On the GPU, we test two different implementations which are heavily inspired by the CuFINUFFT paper (Shih et al., 2021). The default one (filled circles) corresponds to setting gpu_method = :global_memory in PlanNUFFT. This method is slightly faster than CuFINUFFT at low point densities, but slightly slower at large ones.

In fact, at large densities it actually faster to use the non-default gpu_method = :shared_memory option (open circles, labelled "SM" in the figures). The :shared_memory method performs some operations on GPU shared memory (also called local data share), which is small but much faster than the GPU's global memory. During spreading (type-1 transforms), this approach allows to reduce the number of atomic operations performed in global memory. Our implementation is inspired by the CuFINUFFT one (Shih et al., 2021) with a few differences. In particular, we completely avoid atomic operations on shared memory, which seems to speed up things quite a bit and might explain the important gains with respect to the CuFINUFFT implementation.^[1] We also provide a shared-memory implementation of type-2 transforms (interpolation). As seen below, this can enable some minor gains at large point densities.

Type-1 transforms

Type-2 transforms

Real non-uniform data

These tests are of interest for applications where non-uniform data is real-valued (imaginary part is zero). In NonuniformFFTs.jl, this enables the use of real-to-complex (type-1) and complex-to-real (type-2) FFTs and also allows to halve the amount of data processed during the spreading (type-1) and interpolation (type-2) procedures. The benchmarks showcase the important gains which can be obtained by using real-data transforms, which are not available in other libraries like FINUFFT or NFFT.jl.

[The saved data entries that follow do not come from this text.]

lemma common_prefix_len_differ:
  "\<alpha> \<noteq> \<beta> \<Longrightarrow> \<alpha> (common_prefix_len \<alpha> \<beta>) \<noteq> \<beta> (common_prefix_len \<alpha> \<beta>)"
  unfolding common_prefix_len_def by (rule LeastI_ex) (auto simp: fun_eq_iff)

lemma common_prefix_len_agree: "j < common_prefix_len \<alpha> \<beta> \<Longrightarrow> \<alpha> j = \<beta> j"
  unfolding common_prefix_len_def using not_less_Least by blast

theorem corollary1:
  fixes \<alpha> \<beta> :: "nat \<Rightarrow> nat"
  assumes "\<forall>n. \<alpha> n \<in> {0,1}" and "\<forall>n. \<beta> n \<in> {0,1}" and "\<alpha> \<noteq> \<beta>"
  shows "1 / 5 ^ (common_prefix_len \<alpha> \<beta> + 1) \<le> hausdist (Kset \<alpha>) (Kset \<beta>)
     \<and> hausdist (Kset \<alpha>) (Kset \<beta>) < 3 * sqrt 5 / 5 ^ (common_prefix_len \<alpha> \<beta> + 1)
     \<and> setdist (Kset \<alpha>) (Kset \<beta>) \<ge> 1 / 5 ^ (common_prefix_len \<alpha> \<beta> + 1)"
proof -
  define n where "n = common_prefix_len \<alpha> \<beta>"
  have "\<alpha> n \<noteq> \<beta> n" "\<alpha> n \<in> {0,1}" "\<beta> n \<in> {0,1}"
    using common_prefix_len_differ[OF assms(3)] assms(1,2) unfolding n_def by auto
  then have "(\<alpha> n = 0) \<noteq> (\<beta> n = 0)" by auto
  then have lower: "(1/5)^Suc n \<le> setdist (Kset \<alpha>) (Kset \<beta>)"
    by (intro le_setdistI Kset_nonempty Kset_dist_ge)
  have agree: "\<forall>j<n. \<alpha> j = \<beta> j" "\<forall>j<n. \<beta> j = \<alpha> j"
    unfolding n_def using common_prefix_len_agree by (auto simp: eq_commute)
  have upper: "hausdist (Kset \<alpha>) (Kset \<beta>) \<le> sqrt 3 * 3 * (1/5)^Suc n"
    using agree by (intro hausdist_le Kset_nonempty Kset_infdist_le)
  obtain a where "a \<in> Kset \<alpha>" using Kset_nonempty by blast
  moreover have "bdd_above ((\<lambda>a. infdist a (Kset \<beta>)) ` Kset \<alpha>)"
    using Kset_infdist_le[OF agree(1)] by (intro bdd_aboveI2)
  ultimately have "setdist (Kset \<alpha>) (Kset \<beta>) \<le> hausdist (Kset \<alpha>) (Kset \<beta>)"
    by (rule setdist_le_hausdist)
  moreover have "sqrt 3 * 3 * (1/5)^Suc n < 3 * sqrt 5 * (1/5::real)^Suc n" by simp
  moreover have "1 / 5 ^ (n + 1) = (1/5::real)^Suc n" "3 * sqrt 5 / 5 ^ (n + 1) = 3 * sqrt 5 * (1/5::real)^Suc n"
    by (simp_all add: power_one_over)
  ultimately show ?thesis
    using lower upper unfolding n_def[symmetric] by linarith
qed

end
(* Let $D$ be a division ring with infinite center $F$, let $n\geq 3$ be an integer, and let $p\in F[x]$ be a nonconstant polynomial. Then every matrix in $\mathrm{M}_n(D)$ can be expressed as a product of three elements of $p[\mathrm{M}_n(D),\mathrm{M}_n(D)]=\{p(AB)-p(BA)\mid A,B\in\mathrm{M}_n(D)\}$. *)

theory Defs
  imports "HOL-Computational_Algebra.Polynomial" "Jordan_Normal_Form.Matrix"
begin

definition ring_center :: "'a::ring set" where
  "ring_center = {z. \<forall>x. z * x = x * z}"

definition poly_mat :: "'a::ring_1 poly \<Rightarrow> 'a mat \<Rightarrow> 'a mat" where
  "poly_mat p A = mat (dim_row A) (dim_col A)
     (\<lambda>(i,j). \<Sum>k\<le>degree p. coeff p k * (A ^\<^sub>m k) $$ (i,j))"

definition poly_commutators :: "'a::ring_1 poly \<Rightarrow> nat \<Rightarrow> 'a mat set" where
  "poly_commutators p n =
     {poly_mat p (A * B) - poly_mat p (B * A) | A B. A \<in> carrier_mat n n \<and> B \<in> carrier_mat n n}"

end

theory Submission
  imports Defs "HOL-Combinatorics.Cycles"
begin

(* Since the center is infinite and a nonconstant central polynomial takes each value only finitely
   often on it, there are central lam_1, ..., lam_n with pairwise distinct values a_i = p(lam_i).
   For L = diag(lam) we have p(L) = diag(a), and two conjugates U p(L) U^-1 and U' p(L) U'^-1 differ
   by p(AB) - p(BA) with A = U L U'^-1, B = U' U^-1. A triangular matrix with distinct central
   diagonal entries is similar to its diagonal, so every matrix N with diagonal entries
   a_(sigma i) - a_i for a permutation sigma lies in p[M_n, M_n]: split N = T1 - T2 with T1 upper
   triangular with diagonal a o sigma and T2 lower triangular with diagonal a. In particular every
   matrix with zero diagonal does.

   If the number of nonzero diagonal entries of M is not 1, choose sigma moving exactly their
   indices and a diagonal g with g M having diagonal a o sigma - a; then M = X Y (g M) where X Y =
   g^-1 is a product of two zero-diagonal matrices (built from a fixed-point-free permutation).
   If M has exactly one nonzero diagonal entry and a nonzero off-diagonal entry, a transvection
   conjugates M into the previous case. Otherwise M = m E_kk = (m E_ki) E_ij E_jk with i, j, k
   distinct, which is where n >= 3 is needed. *)

section \<open>The center of a division ring\<close>

lemma ring_centerD: "z \<in> ring_center \<Longrightarrow> z * x = x * z"
  by (simp add: ring_center_def)
lemma integral_unbiased_coeff_product:
  fixes j k l m :: "'a::finite"
  shows "(\<integral>\<phi>. unbiased_coeff \<phi> (j,k) * unbiased_coeff \<phi> (l,m) \<partial>phase_measure)
     = (if (j = k \<and> l = m) \<or> (j = m \<and> l = k) then 1 else 0) / (of_nat CARD('a))\<^sup>2"
proof -
  have "unbiased_coeff \<phi> (j,k) * unbiased_coeff \<phi> (l,m)
      = phase \<phi> j * cnj (phase \<phi> k) * phase \<phi> l * cnj (phase \<phi> m) / (of_nat CARD('a))\<^sup>2"
    for \<phi> :: "'a \<Rightarrow> real"
    by (simp add: unbiased_coeff_def power2_eq_square)
  then show ?thesis by (simp add: integral_phase_quartic)
qed

lemma sum_pairings:
  fixes K :: "'a::finite \<Rightarrow> 'a \<Rightarrow> 'a \<Rightarrow> 'a \<Rightarrow> 'r::ab_group_add"
  shows "(\<Sum>j\<in>UNIV. \<Sum>k\<in>UNIV. \<Sum>l\<in>UNIV. \<Sum>m\<in>UNIV. if (j = k \<and> l = m) \<or> (j = m \<and> l = k) then K j k l m else 0)
   = (\<Sum>j\<in>UNIV. \<Sum>l\<in>UNIV. K j j l l) + (\<Sum>j\<in>UNIV. \<Sum>l\<in>UNIV. K j l l j) - (\<Sum>j\<in>UNIV. K j j j j)"
proof -
  have "(if (j = k \<and> l = m) \<or> (j = m \<and> l = k) then K j k l m else 0)
    = (if k = j then (if m = l then K j k l m else 0) else 0) + (if m = j then (if k = l then K j k l m else 0) else 0)
      - (if k = j then (if m = l then (if l = j then K j k l m else 0) else 0) else 0)" for j k l m
    by auto
  moreover have "(\<Sum>x\<in>A. if P then f x else 0) = (if P then sum f A else 0)" for A P and f :: "'a \<Rightarrow> 'r"
    by simp
  ultimately show ?thesis
    by (simp add: sum.distrib sum_subtractf sum.delta sum.delta' del: sum.If_cases)
qed

lemma phase_average_trace_TB_unbiased_square:
  fixes \<rho> :: "(('a::finite \<times> 'b::finite) \<times> 'c::finite) op" and z :: "'a \<Rightarrow> 'a \<Rightarrow> complex"
  defines "t j l \<equiv> TB \<rho> (outer (z j) (z l))"
  shows "(of_nat CARD('a))\<^sup>2 *
           (\<integral>\<phi>. (let T = TB \<rho> (proj (unbiased_state z \<phi>)) in trace (mmult T T)) \<partial>phase_measure)
       = (\<Sum>j\<in>UNIV. \<Sum>l\<in>UNIV. trace (mmult (t j j) (t l l))) + (\<Sum>j\<in>UNIV. \<Sum>l\<in>UNIV. trace (mmult (t j l) (t l j)))
         - (\<Sum>j\<in>UNIV. trace (mmult (t j j) (t j j)))"
proof -
  define d :: complex where "d = of_nat CARD('a)"
  define K where "K p q = trace (mmult (t (fst p) (snd p)) (t (fst q) (snd q)))" for p q
  have "(let T = TB \<rho> (proj (unbiased_state z \<phi>)) in trace (mmult T T))
      = (\<Sum>p\<in>UNIV. \<Sum>q\<in>UNIV. K p q * (unbiased_coeff \<phi> p * unbiased_coeff \<phi> q))" for \<phi>
    unfolding Let_def proj_unbiased_state TB_sum[OF finite] trace_mmult_sum[OF finite finite] K_def t_def
    by (simp add: mult_ac)
  then have "(\<integral>\<phi>. (let T = TB \<rho> (proj (unbiased_state z \<phi>)) in trace (mmult T T)) \<partial>phase_measure)
      = (\<Sum>p\<in>UNIV. \<Sum>q\<in>UNIV. K p q * (\<integral>\<phi>. unbiased_coeff \<phi> p * unbiased_coeff \<phi> q \<partial>phase_measure))"
    by (simp add: integrable_unbiased_coeff_product integrable_sum)
  also have "\<dots> = (\<Sum>j\<in>UNIV. \<Sum>k\<in>UNIV. \<Sum>l\<in>UNIV. \<Sum>m\<in>UNIV.
      (if (j = k \<and> l = m) \<or> (j = m \<and> l = k) then K (j,k) (l,m) else 0) / d\<^sup>2)"
    by (auto simp: sum_UNIV_prod integral_unbiased_coeff_product d_def intro!: sum.cong)
  finally have "d\<^sup>2 * (\<integral>\<phi>. (let T = TB \<rho> (proj (unbiased_state z \<phi>)) in trace (mmult T T)) \<partial>phase_measure)
      = (\<Sum>j\<in>UNIV. \<Sum>k\<in>UNIV. \<Sum>l\<in>UNIV. \<Sum>m\<in>UNIV.
          if (j = k \<and> l = m) \<or> (j = m \<and> l = k) then K (j,k) (l,m) else 0)"
    by (simp add: sum_distrib_left d_def)
  then show ?thesis
    unfolding sum_pairings[of "\<lambda>j k l m. K (j,k) (l,m)"] by (simp add: K_def d_def)
qed

lemma sum_trace_TB_outer_diag:
  assumes "orthonormal_basis z"
  shows "(\<Sum>j\<in>UNIV. \<Sum>l\<in>UNIV. trace (mmult (TB \<rho> (outer (z j) (z j))) (TB \<rho> (outer (z l) (z l)))))
       = trace (mmult (rhoB \<rho>) (rhoB \<rho>))"
proof -
  have "rhoB \<rho> = (\<lambda>b b'. \<Sum>j\<in>UNIV. 1 * TB \<rho> (outer (z j) (z j)) b b')"
    unfolding TB_identity[symmetric] sum_outer_orthonormal_basis[OF assms, symmetric] TB_sum[OF finite] ..
  then show ?thesis
    using trace_mmult_sum[where s="\<lambda>_. 1" and r="\<lambda>_. 1" and P=UNIV and Q=UNIV
        and A="\<lambda>j. TB \<rho> (outer (z j) (z j))" and B="\<lambda>j. TB \<rho> (outer (z j) (z j))"]
    by simp
qed

definition basis_coeff :: "(('a::finite \<times> 'b) \<times> 'c \<Rightarrow> complex) \<Rightarrow> ('a \<Rightarrow> 'a \<Rightarrow> complex) \<Rightarrow> 'a \<Rightarrow> 'b \<Rightarrow> 'c \<Rightarrow> complex" where
  "basis_coeff \<Psi> z j b c = (\<Sum>a\<in>UNIV. cnj (z j a) * \<Psi> ((a,b),c))"

lemma sum_basis_coeff_mult_cnj:
  fixes z :: "'a::finite \<Rightarrow> 'a \<Rightarrow> complex"
  assumes "orthonormal_basis z"
  shows "(\<Sum>j\<in>UNIV. basis_coeff \<Psi> z j b c * cnj (basis_coeff \<Psi> z j b' c'))
       = (\<Sum>a\<in>UNIV. \<Psi> ((a,b),c) * cnj (\<Psi> ((a,b'),c')))"
proof -
  have "(\<Sum>j\<in>UNIV. basis_coeff \<Psi> z j b c * cnj (basis_coeff \<Psi> z j b' c'))
      = (\<Sum>j\<in>UNIV. \<Sum>a'\<in>UNIV. \<Sum>a\<in>UNIV. (z j a' * cnj (z j a)) * (\<Psi> ((a,b),c) * cnj (\<Psi> ((a',b'),c'))))"
    unfolding basis_coeff_def by (simp add: sum_product mult_ac)
  also have "\<dots> = (\<Sum>a\<in>UNIV. \<Sum>a'\<in>UNIV. \<Sum>j\<in>UNIV. (z j a' * cnj (z j a)) * (\<Psi> ((a,b),c) * cnj (\<Psi> ((a',b'),c'))))"
    by (rule sum_swap_outer_inner) auto
  also have "\<dots> = (\<Sum>a\<in>UNIV. \<Sum>a'\<in>UNIV. (if a = a' then 1 else 0) * (\<Psi> ((a,b),c) * cnj (\<Psi> ((a',b'),c'))))"
    by (simp add: sum_distrib_right[symmetric] orthonormal_basis_complete[OF assms] eq_commute)
  finally show ?thesis
    by (simp only: sum_delta_mult mult_1)
qed
(* Neighbours of v in two avoided components are at distance 1 from v and at distance
   d(r,v) + 1 from every other r in R. *)
lemma resolving_set_unique_avoided_component:
  assumes res: "resolving_set E V R" and "v \<in> R"
    and a: "a \<in> V - {v}" "\<forall>s\<in>R - {v}. \<not> reachable E (V - {v}) s a"
    and b: "b \<in> V - {v}" "\<forall>s\<in>R - {v}. \<not> reachable E (V - {v}) s b"
  shows "reachable E (V - {v}) a b"
proof (rule ccontr)
  assume ab: "\<not> reachable E (V - {v}) a b"
  have "R \<subseteq> V"
    using res unfolding resolving_set_def by blast
  with \<open>v \<in> R\<close> have "v \<in> V" by blast
  obtain xa where xa: "reachable E (V - {v}) a xa" "E xa v"
    using neighbour_in_component a(1) \<open>v \<in> V\<close> by blast
  obtain xb where xb: "reachable E (V - {v}) b xb" "E xb v"
    using neighbour_in_component b(1) \<open>v \<in> V\<close> by blast
  have "xa \<in> V" "xb \<in> V"
    using reachable_in[OF xa(1)] reachable_in[OF xb(1)] by auto
  have "xa \<noteq> xb"
    using ab xa(1) xb(1) reachable_trans reachable_sym[OF symp_edge] by metis
  have "dist E V v xa = 1" "dist E V v xb = 1"
    using dist_edge \<open>v \<in> V\<close> \<open>xa \<in> V\<close> \<open>xb \<in> V\<close> xa(2) xb(2) sympD[OF symp_edge] by blast+
  have unreached: "\<not> reachable E (V - {v}) r x"
    if "\<forall>s\<in>R - {v}. \<not> reachable E (V - {v}) s c" "reachable E (V - {v}) c x" "r \<in> R - {v}"
    for r c x
    using that reachable_trans reachable_sym[OF symp_edge] by metis
  have "dist E V r xa = dist E V r xb" if "r \<in> R" for r
  proof (cases "r = v")
    case True
    then show ?thesis
      using \<open>dist E V v xa = 1\<close> \<open>dist E V v xb = 1\<close> by simp
  next
    case False
    with that have "r \<in> R - {v}" "r \<in> V"
      using \<open>R \<subseteq> V\<close> by auto
    then have "dist E V r xa = dist E V r v + 1" "dist E V r xb = dist E V r v + 1"
      using dist_through_separator unreached[OF a(2) xa(1)] unreached[OF b(2) xb(1)]
        \<open>v \<in> V\<close> \<open>xa \<in> V\<close> \<open>xb \<in> V\<close> \<open>dist E V v xa = 1\<close> \<open>dist E V v xb = 1\<close> by simp_all
    then show ?thesis
      by simp
  qed
  then show False
    using res \<open>xa \<in> V\<close> \<open>xb \<in> V\<close> \<open>xa \<noteq> xb\<close> unfolding resolving_set_def by blast
qed
(* Let $\Omega\subset\mathbb{R}^d$ be a connected, bounded open domain, let $\mathbf{r}=(\mathbf{r}_1,\ldots,\mathbf{r}_n)\in\Upsilon$, and assume the hyperplanes $\mathcal{P}_1(\mathbf{r}_1),\ldots,\mathcal{P}_n(\mathbf{r}_n)$ are pairwise distinct. Then the $n(d+1)$ functions $\{H_i(\mathbf{x}),\,x_1H_i(\mathbf{x}),\,\ldots,\,x_dH_i(\mathbf{x})\}_{i=1}^n$ are linearly independent as functions on $\Omega$.
   Context: $\mathcal{S}^{d-1}$ is the unit sphere in $\mathbb{R}^d$. For $\mathbf{x}\in\mathbb{R}^d$ write $\mathbf{y}=(1,x_1,\ldots,x_d)^T$. For $\mathbf{r}_i=(b_i,\boldsymbol{\omega}_i)\in\mathbb{R}^{d+1}$, $\mathcal{P}_i(\mathbf{r}_i)=\{\mathbf{x}\in\Omega:\boldsymbol{\omega}_i\cdot\mathbf{x}+b_i=0\}$. The admissible set is $\Upsilon=\{\mathbf{r}=(\mathbf{r}_1,\ldots,\mathbf{r}_n): \mathbf{r}_i=(b_i,\boldsymbol{\omega}_i),\ b_i\in\mathbb{R},\ \boldsymbol{\omega}_i\in\mathcal{S}^{d-1},\ \mathcal{P}_i(\mathbf{r}_i)\cap\Omega\neq\emptyset\}$. $H(t)$ is the Heaviside function ($H(t)=1$ for $t>0$, $H(t)=0$ for $t<0$), and $H_i(\mathbf{x})=H(\mathbf{r}_i\cdot\mathbf{y})=H(\boldsymbol{\omega}_i\cdot\mathbf{x}+b_i)$. Linear independence is understood for functions defined almost everywhere on $\Omega$. *)

theory Defs
  imports "HOL-Analysis.Analysis"
begin

text \<open>Heaviside function. The value at 0 is irrelevant (statement is almost-everywhere);
  we fix H(0) = 0.\<close>
definition heaviside :: "real \<Rightarrow> real" where
  "heaviside t = (if t > 0 then 1 else 0)"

In the plots below, the (Cu)FINUFFT curves are exactly the same as in the complex-data benchmarks.

Type-1 transforms

Type-2 transforms

FINUFFT set-up

We used FINUFFT via its Julia wrapper FINUFFT.jl v3.4.0. For performance reasons, the (Cu)FINUFFT libraries were compiled locally and the FINUFFT.jl sources were modified accordingly as described here. FINUFFT was compiled using Nvidia's nvc++ CPU compiler using CMake with its default flags in Release mode. For CuFINUFFT, we set CMAKE_CUDA_ARCHITECTURES=90 (for an NVIDIA H100) and used the nvcc compiler included in CUDA 12.8.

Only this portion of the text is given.